Ю. М. Лотман, описывая это событие в «Биографии писателя», в начале высказывания стремится предостеречь читателя от опасности мифологизации, но к концу его впадает в стилистически преувеличенный тон, что может свидетельствовать о попадании в зону мифа. Ср.: «Встреча Пушкина и Державина не имела в реальности того условно-символического (и уж, конечно, тем более театрального) характера, который невольно ей приписываем мы, глядя назад и зная, что в лицейской зале в этот день встретились величайший русский поэт XVIII века, которому осталась лишь полгода жизни, и самый великий из русских поэтов вообще»112. Как видим, мифологизирующее сознание настолько влиятельно, что подчиняет себе стилистику научного дискурса.
«Смерть поэта» (формула, закрепившаяся в национальном сознании благодаря одноименному стихотворению М. Лермонтова) – не менее важный этап его мифологизации. «смерть <…> его <…> была мгновенна и прекрасна» (VI, 452), – писал Пушкин о чудовищной смерти первого «Александра Сергеевича»113, Грибоедова. «Смерть поэта» ввиду тогда еще недавней гибели Байрона была возможностью композиционного завершения текста собственной жизни. В тщательности работы поэта над этим текстом можно убедиться, прочитав письма Пушкина Геккерну. По мысли Лотмана, высказанной в его пушкинской биографии, Пушкин не «искал смерти» и не был жертвой великосветских интриг (два устойчивых варианта мифологемы дуэли), а навязал дуэль противнику, желая волевым усилием изменить безвыходную ситуацию. Идея о том, что Пушкин был «мастером» своей судьбы, положенная в основу книги Лотмана («Пушкин умирал не побежденным, а победителем»), имеет свойство мифа, поскольку не может быть ни доказана, ни опровергнута. Эту идею подхватывает и развивает А. Битов в эссе «Предположение жить», в самом названии которого, по замыслу писателя, отражено желание Пушкина начать новую жизнь, но условием этой жизни была смерть «старого» Пушкина и рождение «нового»: «Вся схема его отчаянья в 36 году есть героическое преодоление этого отчаянья ради будущей, новой жизни <…>. Тот Пушкин сделал ВСЕ. Новый – только начал. Пушкин переменился. Это было трудно. Но его хватило на перемену ради будущей жизни. Не хватило Судьбы – второй не было дано. Пушкина хватило – Судьбы не хватило. Молитва его не дошла…»114. Мифологизирующая основа этого высказывания еще более прозрачна, чем эвристика Ю. Лотмана. Миф о Пушкине настойчиво накладывается на христианский миф, что подчеркнуто заглавием сборника эссе – «Моление о чаше».

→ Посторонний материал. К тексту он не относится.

lemma M_base_range:
  assumes "8 \<le> n" "n < 16"
  shows "(2132 powr (1 / 10)) ^ n / 2 \<le> real (M n)"
proof -
  consider "n = 8" | "n = 9" | "n = 10" | "n = 11" | "n = 12" | "n = 13" | "n = 14" | "n = 15"
    using assms by linarith
  thus ?thesis
  proof cases
    case 1 show ?thesis unfolding 1 by (rule M_bound_from_count[OF _ M_8]) simp
  next
    case 2 show ?thesis unfolding 2 by (rule M_bound_from_count[OF _ M_9]) simp
  next
    case 3 show ?thesis unfolding 3 by (rule M_bound_from_count[OF _ M_10]) simp
  next
    case 4 show ?thesis unfolding 4 by (rule M_bound_from_count[OF _ M_11]) simp
  next
    case 5 show ?thesis unfolding 5 by (rule M_bound_from_count[OF _ M_12]) simp
  next
    case 6 show ?thesis unfolding 6 by (rule M_bound_from_count[OF _ M_13]) simp
  next
    case 7 show ?thesis unfolding 7 by (rule M_bound_from_count[OF _ M_14]) simp
  next
    case 8 show ?thesis unfolding 8 by (rule M_bound_from_count[OF _ M_15]) simp
  qed
qed

theorem theorem1:
  fixes n :: nat
  assumes "n \<ge> 8"
  shows "real (M n) \<ge> (1/2) * (2132 powr (1/10)) ^ n"
proof -
  have "(2132 powr (1 / 10)) ^ n / 2 \<le> real (M n)"
  proof (rule halving_lower_bound[where N = 8])
    fix m :: nat
    assume "2 * 8 \<le> m"
    hence "2 * M (m div 2) * M (m - m div 2) \<le> M m" using M_doubling by simp
    hence "real (2 * M (m div 2) * M (m - m div 2)) \<le> real (M m)" by (simp only: of_nat_le_iff)
    thus "2 * real (M (m div 2)) * real (M (m - m div 2)) \<le> real (M m)" by simp
  next
    fix m :: nat
    assume "8 \<le> m" "m < 2 * 8"
    thus "(2132 powr (1 / 10)) ^ m / 2 \<le> real (M m)" using M_base_range by simp
  qed (use assms in auto)
  thus ?thesis by linarith
qed

end
(* Let $\mu_i\in\mathcal P(X_i)$, $i=1,\dots,N$, let $c:X\to[0,\infty)$ be measurable with $c\in L^1(\mu_1\otimes\cdots\otimes\mu_N)$, and let $\pi^*\in\Pi(\mu_1,\dots,\mu_N)$ be the optimizer of $S_{\rm ent}(\mu_1,\dots,\mu_N,c)$. Then $$D_{\rm KL}(\pi,\pi^* )\le\mathcal F(\pi)-\mathcal F(\pi^* )\quad\text{for all }\pi\in\Pi(\mu_1,\dots,\mu_N).$$
   Context: $X=\prod_iX_i$ for Polish spaces $X_i$; $\Pi(\mu_1,\dots,\mu_N)$ = couplings; $S_{\rm ent}(\mu_1,\dots,\mu_N,c)=\inf_{\pi\in\Pi(\mu_1,\dots,\mu_N)}\int c\,d\pi+D_{\rm KL}(\pi,\mu_1\otimes\cdots\otimes\mu_N)$. For a probability $\pi$ on $X$ with marginals $\pi_1,\dots,\pi_N$, $\mathcal F(\pi)=\int c\,d\pi+D_{\rm KL}(\pi,\pi_1\otimes\cdots\otimes\pi_N)$. *)

theory Defs
  imports "HOL-Probability.Probability"
begin

definition Polish_space :: "'a topology \<Rightarrow> bool" where
  "Polish_space X \<longleftrightarrow> completely_metrizable_space X \<and> separable_space X"

definition borel_of :: "'a topology \<Rightarrow> 'a measure" where
  "borel_of X = sigma (topspace X) {U. openin X U}"

definition D_KL :: "'a measure \<Rightarrow> 'a measure \<Rightarrow> ereal" where
  "D_KL P Q =
    (if sets P = sets Q \<and> absolutely_continuous Q P then
       (let f = (\<lambda>x. enn2real (RN_deriv Q P x));
            g = (\<lambda>x. f x * ln (f x))
        in enn2ereal (\<integral>\<^sup>+ x. ennreal (g x) \<partial>Q) - enn2ereal (\<integral>\<^sup>+ x. ennreal (- g x) \<partial>Q))
     else \<infinity>)"

definition prod_space :: "nat \<Rightarrow> (nat \<Rightarrow> 'a topology) \<Rightarrow> (nat \<Rightarrow> 'a) measure" where
  "prod_space N X = PiM {1..N} (\<lambda>i. borel_of (X i))"

definition marginal :: "(nat \<Rightarrow> 'a topology) \<Rightarrow> (nat \<Rightarrow> 'a) measure \<Rightarrow> nat \<Rightarrow> 'a measure" where
  "marginal X \<pi> i = distr \<pi> (borel_of (X i)) (\<lambda>x. x i)"

definition couplings :: "nat \<Rightarrow> (nat \<Rightarrow> 'a topology) \<Rightarrow> (nat \<Rightarrow> 'a measure) \<Rightarrow> (nat \<Rightarrow> 'a) measure set" where
  "couplings N X \<mu> = {\<pi>. prob_space \<pi> \<and> sets \<pi> = sets (prod_space N X) \<and>
                          (\<forall>i\<in>{1..N}. marginal X \<pi> i = \<mu> i)}"

definition F_ent :: "nat \<Rightarrow> (nat \<Rightarrow> 'a topology) \<Rightarrow> ((nat \<Rightarrow> 'a) \<Rightarrow> real) \<Rightarrow> (nat \<Rightarrow> 'a) measure \<Rightarrow> ereal" where
  "F_ent N X c \<pi> = enn2ereal (\<integral>\<^sup>+ x. ennreal (c x) \<partial>\<pi>) + D_KL \<pi> (PiM {1..N} (marginal X \<pi>))"
(* The competitive ratio of the (offline-chosen) better algorithm between MTFO and MTFE is at least $1.75$ and at most $2$ (full cost model). That is: (i) for every list and every sequence $\sigma$, $\min\{\mathrm{MTFO}(\sigma),\mathrm{MTFE}(\sigma)\}\le 2\,\mathrm{OPT}(\sigma)$; and (ii) for every $c<1.75$ and every constant $b$ there exist a list and a sequence $\sigma$ with $\min\{\mathrm{MTFO}(\sigma),\mathrm{MTFE}(\sigma)\}>c\cdot\mathrm{OPT}(\sigma)+b$.
   Context: Static list update: a list of distinct items in some initial order; serving a request to the item at position $i$ (from the front) costs $i$ (full cost model); the accessed item may be moved closer to the front for free; two adjacent items may be swapped at cost $1$. $A(\sigma)$ is the total cost of algorithm $A$ and $\mathrm{OPT}(\sigma)$ the minimum cost of any offline algorithm from the same initial list. MTFO moves a requested item to the front on the 1st, 3rd, 5th, ... request to that item; MTFE on the 2nd, 4th, 6th, ... request; otherwise they leave it in place, and they make no paid exchanges. *)

theory Defs
  imports Complex_Main
begin

text \<open>0-based position of an item in the list; serving it costs pos + 1.\<close>
fun pos :: "'a \<Rightarrow> 'a list \<Rightarrow> nat" where
  "pos x [] = 0"
| "pos x (y # ys) = (if x = y then 0 else Suc (pos x ys))"

definition mtf :: "'a \<Rightarrow> 'a list \<Rightarrow> 'a list" where
  "mtf x xs = x # remove1 x xs"

fun alg_cost :: "(nat \<Rightarrow> bool) \<Rightarrow> 'a list \<Rightarrow> 'a list \<Rightarrow> 'a list \<Rightarrow> nat" where
  "alg_cost P xs hist [] = 0"
| "alg_cost P xs hist (x # \<sigma>) =
     pos x xs + 1 +
     alg_cost P (if P (count_list hist x + 1) then mtf x xs else xs) (hist @ [x]) \<sigma>"

definition MTFO :: "'a list \<Rightarrow> 'a list \<Rightarrow> nat" where
  "MTFO init \<sigma> = alg_cost odd init [] \<sigma>"

definition MTFE :: "'a list \<Rightarrow> 'a list \<Rightarrow> nat" where
  "MTFE init \<sigma> = alg_cost even init [] \<sigma>"

text \<open>Paid exchange of the adjacent positions j, j+1 (no-op if out of range; it still
  costs 1, which is a dominated action and does not affect the optimum).\<close>
definition swap_adj :: "nat \<Rightarrow> 'a list \<Rightarrow> 'a list" where
  "swap_adj j xs = (if Suc j < length xs then xs[j := xs ! Suc j, Suc j := xs ! j] else xs)"

definition move_fwd :: "'a \<Rightarrow> nat \<Rightarrow> 'a list \<Rightarrow> 'a list" where
  "move_fwd x k ys = (let zs = remove1 x ys in take k zs @ x # drop k zs)"

text \<open>Offline algorithm: for each request, an action (sw, k): first perform the paid
  adjacent exchanges sw (cost 1 each), then serve the request, then move the accessed
  item forward for free to position min k (its position).\<close>
fun off_cost :: "'a list \<Rightarrow> 'a list \<Rightarrow> (nat list \<times> nat) list \<Rightarrow> nat" where
  "off_cost xs [] acts = 0"
| "off_cost xs (x # \<sigma>) [] = 0"
| "off_cost xs (x # \<sigma>) ((sw, k) # acts) =
     (let ys = fold swap_adj sw xs
      in length sw + pos x ys + 1 + off_cost (move_fwd x (min k (pos x ys)) ys) \<sigma> acts)"

definition OPT :: "'a list \<Rightarrow> 'a list \<Rightarrow> nat" where
  "OPT init \<sigma> = (INF acts \<in> {acts. length acts = length \<sigma>}. off_cost init \<sigma> acts)"

end

theory Submission
  imports Defs
begin

text \<open>
  Upper bound: a potential function argument. The potential sums, over ordered pairs \<open>(a, b)\<close>
  of items, a weight between 0 and 4 that depends on whether \<open>a\<close> precedes \<open>b\<close> in the lists of
  MTFO, MTFE and the offline algorithm, and on the parities of the numbers of requests to \<open>a\<close> and
  \<open>b\<close> so far. A request served at offline cost \<open>c\<close> satisfies
  \<open>2 (MTFO + MTFE) + \<Delta>\<Phi> \<le> 8 c\<close>, and a paid exchange changes the order of a single pair, raising
  \<open>\<Phi>\<close> by at most 8. Since \<open>\<Phi>\<close> starts at 0, \<open>MTFO + MTFE \<le> 4 OPT\<close>.

  Lower bound: on the list \<open>[0, \<dots>, n-1]\<close> request \<open>0, \<dots>, n-1\<close>, then every item twice in the
  same order, then \<open>n-1, \<dots>, 0\<close>, then every item twice in that order. Both MTFO and MTFE pay
  \<open>(7n\<^sup>2 + 5n)/2\<close>, while moving an item to the front exactly on its doubled requests
  costs \<open>2n\<^sup>2 + 4n\<close>.
\<close>

section \<open>Relative order of items in a list\<close>

lemma pos_less_length: "x \<in> set L \<Longrightarrow> pos x L < length L"
  by (induction L) auto

lemma pos_eq_length: "x \<notin> set L \<Longrightarrow> pos x L = length L"
  by (induction L) auto

lemma nth_pos: "x \<in> set L \<Longrightarrow> L ! pos x L = x"
  by (induction L) auto

lemma pos_nth: "distinct L \<Longrightarrow> i < length L \<Longrightarrow> pos (L ! i) L = i"
  by (induction L arbitrary: i) (auto simp: nth_Cons nth_mem split: nat.split)

lemma pos_eq_imp_eq: "x \<in> set L \<Longrightarrow> pos x L = pos y L \<Longrightarrow> x = y"
  by (metis nth_pos pos_less_length pos_eq_length less_irrefl)

lemma pos_append: "pos x (xs @ ys) = (if x \<in> set xs then pos x xs else length xs + pos x ys)"
  by (induction xs) auto

lemma pos_remove1:
  "x \<in> set L \<Longrightarrow> y \<noteq> x \<Longrightarrow>
   pos y (remove1 x L) = (if pos y L < pos x L then pos y L else pos y L - 1)"
proof (induction L)
  case (Cons z L)
  then show ?case
    by (cases "x = z") (auto dest: pos_eq_imp_eq[of x L y])
qed simp

lemma pos_insert_at:
  "y \<noteq> x \<Longrightarrow> y \<in> set zs \<Longrightarrow>
   pos y (take k zs @ x # drop k zs) = (if pos y zs < k then pos y zs else Suc (pos y zs))"
proof (induction zs arbitrary: k)
  case (Cons z zs)
  then show ?case by (cases k) auto
qed simp

definition precedes :: "'a list \<Rightarrow> 'a \<Rightarrow> 'a \<Rightarrow> bool" where
  "precedes L a b \<longleftrightarrow> pos a L < pos b L"
lemma next_state_forward_to_backward:
  assumes "gauss_word w" "a < length w" "next_state w eps (a, True) = (b, False)"
  shows "other_occ w (Suc a mod length w) = Suc b mod length w"
proof (rule eq_Suc_mod_if_pred_mod_eq)
  show "other_occ w (Suc a mod length w) < length w"
    using other_occ_spec[OF assms(1) Suc_mod_less[OF assms(2)]] by blast
  show "(other_occ w (Suc a mod length w) + length w - 1) mod length w = b"
    using assms(3) unfolding next_state_def Let_def by (auto split: if_splits)
qed

lemma next_state_backward_to_backward:
  assumes "gauss_word w" "b < length w" "next_state w eps (b, False) = (b', False)"
  shows "other_occ w b = Suc b' mod length w"
proof (rule eq_Suc_mod_if_pred_mod_eq)
  show "other_occ w b < length w" using other_occ_spec[OF assms(1,2)] by blast
  show "(other_occ w b + length w - 1) mod length w = b'"
    using assms(3) unfolding next_state_def Let_def by (auto split: if_splits)
qed

lemma reducible_if_next_state_fixes_forward:
  assumes gw: "gauss_word w" and a: "a < length w" and fixed: "next_state w eps (a, True) = (a, True)"
  shows "reducible w"
proof -
  have "Suc a mod length w \<noteq> a" "w ! (Suc a mod length w) = w ! a"
    using other_occ_spec[OF gw Suc_mod_less[OF a]] next_state_forward_to_forward[OF fixed] by auto
  thus ?thesis using reducible_if_cyclically_adjacent[OF gauss_word_count_nth[OF gw a] a] by simp
qed

lemma reducible_if_next_state_fixes_backward:
  assumes gw: "gauss_word w" and b: "b < length w" and fixed: "next_state w eps (b, False) = (b, False)"
  shows "reducible w"
proof -
  have "Suc b mod length w \<noteq> b" "w ! (Suc b mod length w) = w ! b"
    using other_occ_spec[OF gw b] next_state_backward_to_backward[OF gw b fixed] by auto
  thus ?thesis using reducible_if_cyclically_adjacent[OF gauss_word_count_nth[OF gw b] b] by simp
qed
(* Let $(A,B)$ be a Katsura pair. Then the KEP-action $(G_B,E_A)$ is contracting if and only if $\limsup_{n\to\infty}\left(\max_{\mu\in E^n_{A,\infty}}\frac{|B_\mu|}{A_\mu}\right)^{1/n}<1$.
   Context: Katsura pair: $N\in\mathbb{N}$, $A\in M_N(\mathbb{N})$ (nonnegative integers), $B\in M_N(\mathbb{Z})$ with $A_{ij}=0\Rightarrow B_{ij}=0$. Graph $E_A$: vertices $\{1,\dots,N\}$, edges $e_{i,j,m}$ ($0\le m<A_{ij}$), $r=i$, $s=j$; $B_e=B_{r(e)s(e)}$. For a path $\mu=e_{i_0,i_1,r_1}\cdots e_{i_{n-1},i_n,r_n}$, $A_\mu=\prod_tA_{i_ti_{t+1}}$, $B_\mu=\prod_tB_{i_ti_{t+1}}$. The group bundle $\mathbb{Z}\times E_A^0$ (elements $a_i^k$) acts by $a_i^k\cdot e_{i,j,m}=e_{i,j,\hat m}$, $a_i^k|_{e_{i,j,m}}=a_j^{\hat k}$ with $kB_{ij}+m=\hat kA_{ij}+\hat m$, $0\le\hat m<A_{ij}$, extended recursively to paths; $G_B$ is the faithful quotient and $(G_B,E_A)$ the KEP-action; $(G_B)_i$ its isotropy group at $i$. $E^0_{A,\infty}=\{i:(G_B)_i\text{ infinite}\}$, and $E_{A,\infty}$ is the subgraph with vertices $E^0_{A,\infty}$ and edges $\{e:s(e)\in E^0_{A,\infty},B_e\ne0\}$; $E^n_{A,\infty}$ its paths of length $n$. Contracting: there is a finite $F\subseteq G_B$ such that for every $g$ there is $n$ with $g|_\mu\in F$ for all paths $\mu\in d(g)E_A^k$, $k\ge n$. *)

theory Defs
  imports Complex_Main "HOL-Library.Extended_Real" "HOL-Library.Liminf_Limsup"
begin

text \<open>Katsura pairs. Vertices are 0,...,N-1 (0-based). Matrices are functions
  A :: nat => nat => nat and B :: nat => nat => int; only entries with indices below N matter.\<close>

definition katsura_pair :: "nat \<Rightarrow> (nat \<Rightarrow> nat \<Rightarrow> nat) \<Rightarrow> (nat \<Rightarrow> nat \<Rightarrow> int) \<Rightarrow> bool" where
  "katsura_pair N A B \<longleftrightarrow> (\<forall>i<N. \<forall>j<N. A i j = 0 \<longrightarrow> B i j = 0)"
(* Let $m\ge5$ be odd, $h=\frac{m-1}{2}$, $A=\{1,2,\dots,2^{h-1}-1\}$. For any $i\in A$ and $j\in\Gamma_{(h)}$: (i) $C_{i+2^h}\cap C_{j+2^{h+1}}\neq\emptyset$ only if $(i,j)=(1,1)$; moreover $C_j\cap C_{j+2^{h+1}}=\emptyset$. (ii) $$C_{i+2^h}\cap C_j=\begin{cases}C_j,&\text{if }(i,j)=(2^s i_1,\ i_1+2^{h-s})\text{ for some } i_1\in\Gamma_{(h-1-s)}\text{ and } s\in\{1,2,\dots,h-2\},\\ \emptyset,&\text{otherwise.}\end{cases}$$
   Context: Let $v=2^m-1$. For an integer $i$, $C_i=\{i\cdot 2^s \bmod v: s\ge 0\}$ is the $2$-cyclotomic coset of $i$ modulo $v$. For a positive integer $t$, $\Gamma_{(t)}=\{j:1\le j\le 2^t-1,\ j\text{ odd}\}$. *)

theory Defs
  imports Main
begin

definition cyc_coset :: "nat \<Rightarrow> nat \<Rightarrow> nat set" where
  "cyc_coset m i = {(i * 2 ^ s) mod (2 ^ m - 1) | s. True}"

definition Gamma :: "nat \<Rightarrow> nat set" where
  "Gamma t = {j. 1 \<le> j \<and> j \<le> 2 ^ t - 1 \<and> odd j}"

end

theory Submission
  imports Defs
begin

text \<open>Since \<open>2^m \<equiv> 1\<close> modulo \<open>v = 2^m - 1\<close>, multiplying by \<open>2^s\<close> and reducing modulo \<open>v\<close> is a
  cyclic rotation of the \<open>m\<close>-bit expansion; two cosets meet only if they coincide, and
  then one representative is a bit rotation of the other. With \<open>m = 2h + 1\<close> the
  representatives \<open>i + 2^h\<close>, \<open>j + 2^(h+1)\<close> and \<open>j\<close> have at most \<open>h + 2\<close> bits, with \<open>j\<close> odd,
  and comparing the low and high parts of a rotation pins down the few possible
  rotation amounts. In particular \<open>i + 2^h\<close> can only be rotated onto \<open>j\<close> by a plain
  right shift, i.e. when \<open>i + 2^h = 2^s j\<close>.\<close>

lemma pow2_mod_mersenne: "(2::nat) ^ m mod (2 ^ m - 1) = 1 mod (2 ^ m - 1)"
  by (metis mod_add_self1 le_add_diff_inverse2 one_le_power one_le_numeral)
(* Let $f_1,\dots,f_m\in\mathbb{R}[x_1,\dots,x_n]$ and $\sigma=(\sigma_1,\dots,\sigma_m)\in\{\le,<,=,>,\ge\}^m$, and set $E_\sigma=\{i:\sigma_i\text{ is }``="\}$. Then for every connected component $C$ of $\{x\in\mathbb{R}^n:f_1(x)\sigma_10,\dots,f_m(x)\sigma_m0\}$, $$Z(C)\subset\bigcup_{E_\sigma\subset S\subset\{1,\dots,m\},\ S\ne\emptyset}\pi_x(W_S).$$
   Context: For nonempty $A\subset\mathbb{R}^n$ with closure $\overline A$ and $\pi_1$ the first coordinate projection: $Z_{\inf}(A)=\{x\in\overline A:x_1=\inf\pi_1(A)\}$ if $\pi_1(A)$ is bounded below (else $\emptyset$), $Z_{\sup}(A)=\{x\in\overline A:x_1=\sup\pi_1(A)\}$ if $\pi_1(A)$ is bounded above (else $\emptyset$), $Z(A)=Z_{\inf}(A)\cup Z_{\sup}(A)$. For $S=\{i_1,\dots,i_s\}\subset\{1,\dots,m\}$: if $s=1$, $W_S=\{z\in\mathbb{C}^n: f_{i_1}(z)=\frac{\partial f_{i_1}}{\partial x_2}(z)=\dots=\frac{\partial f_{i_1}}{\partial x_n}(z)=0\}$; if $2\le s\le n-1$, $W_S\subset\mathbb{C}^n\times\mathbb{P}^{s-1}$ is the set of $(z,(\mu_1:\dots:\mu_s))$ with $f_{i_1}(z)=\dots=f_{i_s}(z)=0$ and $\sum_{j=1}^s\mu_j\frac{\partial f_{i_j}}{\partial x_k}(z)=0$ for $k=2,\dots,n$; if $s\ge n$, $W_S=\{z\in\mathbb{C}^n:f_{i_1}(z)=\dots=f_{i_s}(z)=0\}$. $\pi_x$ denotes the projection onto the $x$-coordinates (the identity when $W_S\subset\mathbb{C}^n$), and $\mathbb{R}^n$ is viewed inside $\mathbb{C}^n$. *)

theory Defs
  imports "HOL-Analysis.Analysis"
begin

text \<open>Real polynomials in the variables indexed by the finite type 'n, represented by
their coefficient functions on monomials (exponent vectors 'n => nat) with finite support.\<close>

type_synonym 'n rpoly = "('n \<Rightarrow> nat) \<Rightarrow> real"

definition is_rpoly :: "'n rpoly \<Rightarrow> bool" where
  "is_rpoly p \<longleftrightarrow> finite {\<alpha>. p \<alpha> \<noteq> 0}"

definition peval :: "('n::finite) rpoly \<Rightarrow> 'a::{real_algebra_1,comm_ring_1} ^ 'n \<Rightarrow> 'a" where
  "peval p z = (\<Sum>\<alpha>\<in>{\<alpha>. p \<alpha> \<noteq> 0}. of_real (p \<alpha>) * (\<Prod>i\<in>UNIV. (z $ i) ^ \<alpha> i))"

definition pdiff :: "'n \<Rightarrow> 'n rpoly \<Rightarrow> 'n rpoly" where
  "pdiff k p = (\<lambda>\<alpha>. of_nat (\<alpha> k + 1) * p (\<alpha>(k := \<alpha> k + 1)))"

definition first_coord :: "'n::wellorder" where
  "first_coord = (LEAST i. True)"

datatype rel = Le | Lt | Eq | Gt | Ge

fun sat :: "rel \<Rightarrow> real \<Rightarrow> bool" where
  "sat Le v = (v \<le> 0)"
| "sat Lt v = (v < 0)"
| "sat Eq v = (v = 0)"
| "sat Gt v = (v > 0)"
| "sat Ge v = (v \<ge> 0)"

definition semialg :: "(nat \<Rightarrow> ('n::finite) rpoly) \<Rightarrow> (nat \<Rightarrow> rel) \<Rightarrow> nat \<Rightarrow> (real ^ 'n) set" where
  "semialg f \<sigma> m = {x. \<forall>i\<in>{1..m}. sat (\<sigma> i) (peval (f i) x)}"

definition Eset :: "(nat \<Rightarrow> rel) \<Rightarrow> nat \<Rightarrow> nat set" where
  "Eset \<sigma> m = {i\<in>{1..m}. \<sigma> i = Eq}"

definition Zinf :: "(real ^ ('n::{finite,wellorder})) set \<Rightarrow> (real ^ ('n::{finite,wellorder})) set" where
  "Zinf A = (if bdd_below ((\<lambda>x. x $ first_coord) ` A)
             then {x\<in>closure A. x $ first_coord = Inf ((\<lambda>x. x $ first_coord) ` A)} else {})"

Две вехи – рождение и смерть поэта – создают рамку мифа, внутри которой варьируются различные мифологемы, подразумевающие многоаспектное толкование этапов биографии поэта и его образа. Этот многоликий образ размножен авторами мемуаров, научных и художественных текстов, начиная с первой половины ХIХ в. и заканчивая рубежом ХХ-ХХI вв. Каждая веха судьбы национального поэта представляется знаковой, а потому может соотноситься с разнообразными явлениями русской духовной и социальной жизни. Весь свод мифологем, формирующих пушкинский миф, условно можно разделить на две части: мифологемы-образы и мифологемы-акции.
Мифологемы-образы (чудо-ребенок, Сверчок, няня, потомок негров)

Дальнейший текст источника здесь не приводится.